If a line in the entries below holds the string "ultimately", copy it.

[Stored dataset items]
━━━━━━━━━━━━━━━━━━━━

lemma sum_lessThan_mult:
  fixes f :: "nat \<Rightarrow> 'a::comm_monoid_add"
  shows "(\<Sum>b<m * n. f b) = (\<Sum>i<m. \<Sum>j<n. f (i * n + j))"
proof -
  have "sum f {i * n..<i * n + n} = (\<Sum>j<n. f (i * n + j))" for i
    using sum.shift_bounds_nat_ivl[of f 0 "i * n" n] by (simp add: atLeast0LessThan add.commute)
  then show ?thesis using sum.nat_group[of f n m] by simp
qed

lemma sylvester_mat_mult_vec:
  fixes A P :: "'a::comm_semiring_1 mat"
  assumes A: "A \<in> carrier_mat n n" and P: "P \<in> carrier_mat n n"
  shows "sylvester_mat n P *\<^sub>v vec_of_sq_mat n A = vec_of_sq_mat n (A * P + P * A)"
proof (rule eq_vecI)
  fix a assume "a < dim_vec (vec_of_sq_mat n (A * P + P * A))"
  then obtain i j where a: "a = i * n + j" and ij: "i < n" "j < n"
    by (auto simp: vec_of_sq_mat_def elim: less_square_cases)
  have "(sylvester_mat n P *\<^sub>v vec_of_sq_mat n A) $ a
      = (\<Sum>b<n * n. sylvester_mat n P $$ (a, b) * vec_of_sq_mat n A $ b)"
    using a ij square_index_less[OF ij] by (auto simp: scalar_prod_def atLeast0LessThan intro!: sum.cong)
  also have "\<dots> = (\<Sum>k<n. \<Sum>l<n.
      ((if i = k then P $$ (l, j) else 0) + (if j = l then P $$ (i, k) else 0)) * A $$ (k, l))"
    unfolding sum_lessThan_mult a using ij
    by (intro sum.cong refl) (simp add: index_sylvester_mat index_vec_of_sq_mat)
  also have "\<dots> = (\<Sum>k<n. \<Sum>l<n. if k = i then A $$ (k, l) * P $$ (l, j) else 0)
      + (\<Sum>k<n. \<Sum>l<n. if l = j then P $$ (i, k) * A $$ (k, l) else 0)"
    unfolding sum.distrib[symmetric] by (intro sum.cong refl) (auto simp: algebra_simps)
  also have "\<dots> = (\<Sum>l<n. A $$ (i, l) * P $$ (l, j)) + (\<Sum>k<n. P $$ (i, k) * A $$ (k, j))"
    using ij by (simp add: sum.delta sum.swap[where A = "{..<n}" and B = "{..<n}" and
          g = "\<lambda>k l. if k = i then A $$ (k, l) * P $$ (l, j) else 0"])
  also have "\<dots> = (A * P + P * A) $$ (i, j)"
    using ij A P by (simp add: scalar_prod_def atLeast0LessThan)
  finally show "(sylvester_mat n P *\<^sub>v vec_of_sq_mat n A) $ a = vec_of_sq_mat n (A * P + P * A) $ a"
    using a ij by (simp add: index_vec_of_sq_mat)
qed simp

lemma map_mat_of_int_sylvester_mat:
  assumes "P \<in> carrier_mat n n"
  shows "map_mat (of_int :: int \<Rightarrow> 'a::ring_1) (sylvester_mat n P)
    = sylvester_mat n (map_mat of_int P)"
proof (rule eq_matI)
  fix a b assume "a < dim_row (sylvester_mat n (map_mat (of_int :: int \<Rightarrow> 'a) P))"
    "b < dim_col (sylvester_mat n (map_mat (of_int :: int \<Rightarrow> 'a) P))"
  then have "a < n * n" "b < n * n" by simp_all
  then obtain i j k l where "a = i * n + j" "b = k * n + l" "i < n" "j < n" "k < n" "l < n"
    by (metis less_square_cases)
  then show "map_mat of_int (sylvester_mat n P) $$ (a, b) = sylvester_mat n (map_mat of_int P) $$ (a, b)"
    using assms by (simp add: index_sylvester_mat square_index_less)
qed simp_all

lemma cong_scalar_mat_sylvester_mat:
  assumes "P \<in> carrier_mat n n" "cong_scalar_mat q P d"
  shows "cong_scalar_mat q (sylvester_mat n P) (2 * d)"
  unfolding cong_scalar_mat_def
proof (intro allI impI)
  fix a b assume "a < dim_row (sylvester_mat n P)" "b < dim_col (sylvester_mat n P)"
  then have "a < n * n" "b < n * n" by simp_all
  then obtain i j k l where ab: "a = i * n + j" "b = k * n + l" and ijkl: "i < n" "j < n" "k < n" "l < n"
    by (metis less_square_cases)
  have P: "[P $$ (x, y) = (if x = y then d else 0)] (mod q)" if "x < n" "y < n" for x y
    using assms that by (auto simp: cong_scalar_mat_def)
  have "[(if i = k then P $$ (l, j) else 0) = (if i = k \<and> j = l then d else 0)] (mod q)"
    using P[of l j] ijkl by auto
  moreover have "[(if j = l then P $$ (i, k) else 0) = (if i = k \<and> j = l then d else 0)] (mod q)"
    using P[of i k] ijkl by auto
  ultimately have "[sylvester_mat n P $$ (a, b)
      = (if i = k \<and> j = l then d else 0) + (if i = k \<and> j = l then d else 0)] (mod q)"
    unfolding ab index_sylvester_mat[OF ijkl] by (rule cong_add)
  moreover have "a = b \<longleftrightarrow> i = k \<and> j = l"
  proof
    assume "a = b"
    then have "a div n = b div n" "a mod n = b mod n" by simp_all
    then show "i = k \<and> j = l" using ab ijkl by simp
  qed (use ab in simp)
  ultimately show "[sylvester_mat n P $$ (a, b) = (if a = b then 2 * d else 0)] (mod q)"
    by (cases "i = k \<and> j = l") simp_all
qed

lemma of_int_mat_mult_vec_eq_0:
  fixes M :: "int mat" and v :: "real vec"
  assumes "M \<in> carrier_mat n n" "det M \<noteq> 0" "v \<in> carrier_vec n"
    and "map_mat real_of_int M *\<^sub>v v = 0\<^sub>v n"
  shows "v = 0\<^sub>v n"
  using det_0_iff_vec_prod_zero[of "map_mat real_of_int M" n] assms by auto

lemma smult_neg_one_add_mat:
  assumes "M \<in> carrier_mat nr nc"
  shows "(-1 :: 'a::ring_1) \<cdot>\<^sub>m M + M = 0\<^sub>m nr nc"
  by (rule eq_matI) (use assms in auto)

lemma anticommuting_mat_eq_0:
  fixes A :: "real mat" and P :: "int mat"
  assumes "prime q" "\<not> q dvd 2 * d" and P: "P \<in> carrier_mat n n" "cong_scalar_mat q P d"
    and A: "A \<in> carrier_mat n n"
    and anti: "A * map_mat real_of_int P = (-1) \<cdot>\<^sub>m (map_mat real_of_int P * A)"
  shows "A = 0\<^sub>m n n"
proof -
  let ?P = "map_mat real_of_int P" and ?S = "sylvester_mat n P"
  have P': "?P \<in> carrier_mat n n" using P(1) by simp
  have "det ?S \<noteq> 0"
    using cong_scalar_mat_sylvester_mat[OF P] assms(1,2)
    by (rule det_nonzero_if_cong_scalar_mat[OF sylvester_mat_carrier])
  moreover have "A * ?P + ?P * A = 0\<^sub>m n n"
    unfolding anti using P' A by (simp add: smult_neg_one_add_mat)
  then have "map_mat real_of_int ?S *\<^sub>v vec_of_sq_mat n A = 0\<^sub>v (n * n)"
    unfolding map_mat_of_int_sylvester_mat[OF P(1)] sylvester_mat_mult_vec[OF A P'] by simp
  ultimately have "vec_of_sq_mat n A = 0\<^sub>v (n * n)"
    using of_int_mat_mult_vec_eq_0[OF sylvester_mat_carrier _ vec_of_sq_mat_carrier] by blast
  then show ?thesis by (rule vec_of_sq_mat_eq_0[OF A])
qed

section \<open>Conjugation by the fusion matrix\<close>

lemma sq_mat_inv_eqI:
  assumes F: "F \<in> carrier_mat n n" and B: "B \<in> carrier_mat n n"
    and BF: "B * F = 1\<^sub>m n" and FB: "F * B = 1\<^sub>m n"
  shows "sq_mat_inv F = B"
  unfolding sq_mat_inv_def
proof (rule the_equality)
  fix B' assume "B' \<in> carrier_mat (dim_row F) (dim_row F) \<and> inverts_mat F B' \<and> inverts_mat B' F"
  then have B': "B' \<in> carrier_mat n n" and B'F: "B' * F = 1\<^sub>m n"
    using F by (auto simp: inverts_mat_def)
  have "B' = B' * (F * B)" using FB B' by simp
  also have "\<dots> = (B' * F) * B" using assoc_mult_mat[OF B' F B] by simp
  finally show "B' = B" using B'F B by simp
qed (use F B BF FB in \<open>auto simp: inverts_mat_def\<close>)

lemma skew_commute_of_sq_mat_inv_conj:
  assumes F: "F \<in> carrier_mat n n" and "det F \<noteq> 0" and A: "A \<in> carrier_mat n n"
    and conj: "sq_mat_inv F * A * F = c \<cdot>\<^sub>m A"
  shows "A * F = c \<cdot>\<^sub>m (F * A)"
proof -
  obtain B where B: "B \<in> carrier_mat n n" and BF: "B * F = 1\<^sub>m n" and FB: "F * B = 1\<^sub>m n"
    using det_non_zero_imp_unit[OF F assms(2)] by (auto simp: Units_def ring_mat_simps)
  have "A * F = ((F * B) * A) * F" using A FB by simp
  also have "\<dots> = F * (B * A * F)"
    using assoc_mult_mat[OF F B A] assoc_mult_mat[OF F mult_carrier_mat[OF B A] F] by simp
  also have "B * A * F = c \<cdot>\<^sub>m A" using conj sq_mat_inv_eqI[OF F B BF FB] by simp
  also have "F * (c \<cdot>\<^sub>m A) = c \<cdot>\<^sub>m (F * A)" by (rule mult_smult_distrib[OF F A])
  finally show ?thesis .
qed

lemma smult_smult_mat: "a \<cdot>\<^sub>m (b \<cdot>\<^sub>m A) = (a * b :: 'a::semigroup_mult) \<cdot>\<^sub>m A"
  by (rule eq_matI) (auto simp: mult.assoc)

lemma skew_commute_pow_mat:
  fixes A F :: "'a::comm_ring_1 mat"
  assumes A: "A \<in> carrier_mat n n" and F: "F \<in> carrier_mat n n"
    and AF: "A * F = c \<cdot>\<^sub>m (F * A)"
  shows "A * F ^\<^sub>m j = c ^ j \<cdot>\<^sub>m (F ^\<^sub>m j * A)"
proof (induction j)
  case 0
  show ?case using A F by (intro eq_matI) auto
next
  case (Suc j)
  have Fj: "F ^\<^sub>m j \<in> carrier_mat n n" using F by simp
  have "A * F ^\<^sub>m Suc j = (A * F ^\<^sub>m j) * F" using assoc_mult_mat[OF A Fj F] by simp
  also have "\<dots> = c ^ j \<cdot>\<^sub>m ((F ^\<^sub>m j * A) * F)"
    unfolding Suc by (rule mult_smult_assoc_mat[OF mult_carrier_mat[OF Fj A] F])
  also have "(F ^\<^sub>m j * A) * F = F ^\<^sub>m j * (A * F)" using assoc_mult_mat[OF Fj A F] .
  also have "\<dots> = c \<cdot>\<^sub>m (F ^\<^sub>m Suc j * A)"
    unfolding AF using assoc_mult_mat[OF Fj F A] mult_smult_distrib[OF Fj mult_carrier_mat[OF F A]] by simp
  finally show ?case by (simp add: smult_smult_mat mult.commute)
qed

lemma fusion_matrix_X2_3: "fusion_matrix_X2 3 = 0\<^sub>m 1 1"
  by (rule eq_matI) (auto simp: fusion_matrix_X2_def psu_rank_def psu_N_def)

(* For p = 3 the fusion matrix is [0], so sq_mat_inv picks an arbitrary matrix of unknown size;
   only the zero right factor matters. *)
lemma T_X2_3_eq_neg_imp_zero:
  assumes A: "A \<in> carrier_mat 1 1" and TA: "T_X2 3 A = (-1) \<cdot>\<^sub>m A"
  shows "A = 0\<^sub>m 1 1"
proof -
  have "A = (-1) \<cdot>\<^sub>m ((-1) \<cdot>\<^sub>m A)" by (rule eq_matI) auto
  also have "(-1) \<cdot>\<^sub>m A = 0\<^sub>m (dim_row (sq_mat_inv (fusion_matrix_X2 3))) 1"
    unfolding TA[symmetric]
    by (rule eq_matI) (auto simp: T_X2_def fusion_matrix_X2_3 scalar_prod_def)
  finally show ?thesis using A by auto
qed

lemma T_X2_eq_neg_imp_zero:
  assumes p: "prime p" "odd p" "p \<noteq> 3"
    and A: "A \<in> carrier_mat (psu_rank p) (psu_rank p)" and TA: "T_X2 p A = (-1) \<cdot>\<^sub>m A"
  shows "A = 0\<^sub>m (psu_rank p) (psu_rank p)"
proof -
  let ?F = "fusion_matrix_X2 p" and ?P = "fusion_int_mat p ^\<^sub>m p"
  have F: "?F \<in> carrier_mat (psu_rank p) (psu_rank p)" by (simp add: fusion_matrix_X2_def)
  have "A * ?F = (-1) \<cdot>\<^sub>m (?F * A)"
    using TA unfolding T_X2_def
    by (rule skew_commute_of_sq_mat_inv_conj[OF F det_fusion_matrix_X2_nonzero[OF p] A])
  then have "A * map_mat real_of_int ?P = (-1) \<cdot>\<^sub>m (map_mat real_of_int ?P * A)"
    using skew_commute_pow_mat[OF A F, of "-1" p] p(2)
    by (simp add: fusion_matrix_X2_eq[OF p(2)] of_int_hom.mat_hom_pow[OF fusion_int_mat_carrier])
  then show ?thesis
    using p(1) prime_not_dvd_6[OF p]
    by (intro anticommuting_mat_eq_0[OF _ _ _ cong_scalar_mat_fusion_int_mat_pow[OF p(1,2)] A]) simp_all
qed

━━━━━━━━━━━━━━━━━━━━

### Exercise solution
  ultimately have "[sylvester_mat n P $$ (a, b)
  ultimately show "[sylvester_mat n P $$ (a, b) = (if a = b then 2 * d else 0)] (mod q)"
  ultimately have "vec_of_sq_mat n A = 0\<^sub>v (n * n)"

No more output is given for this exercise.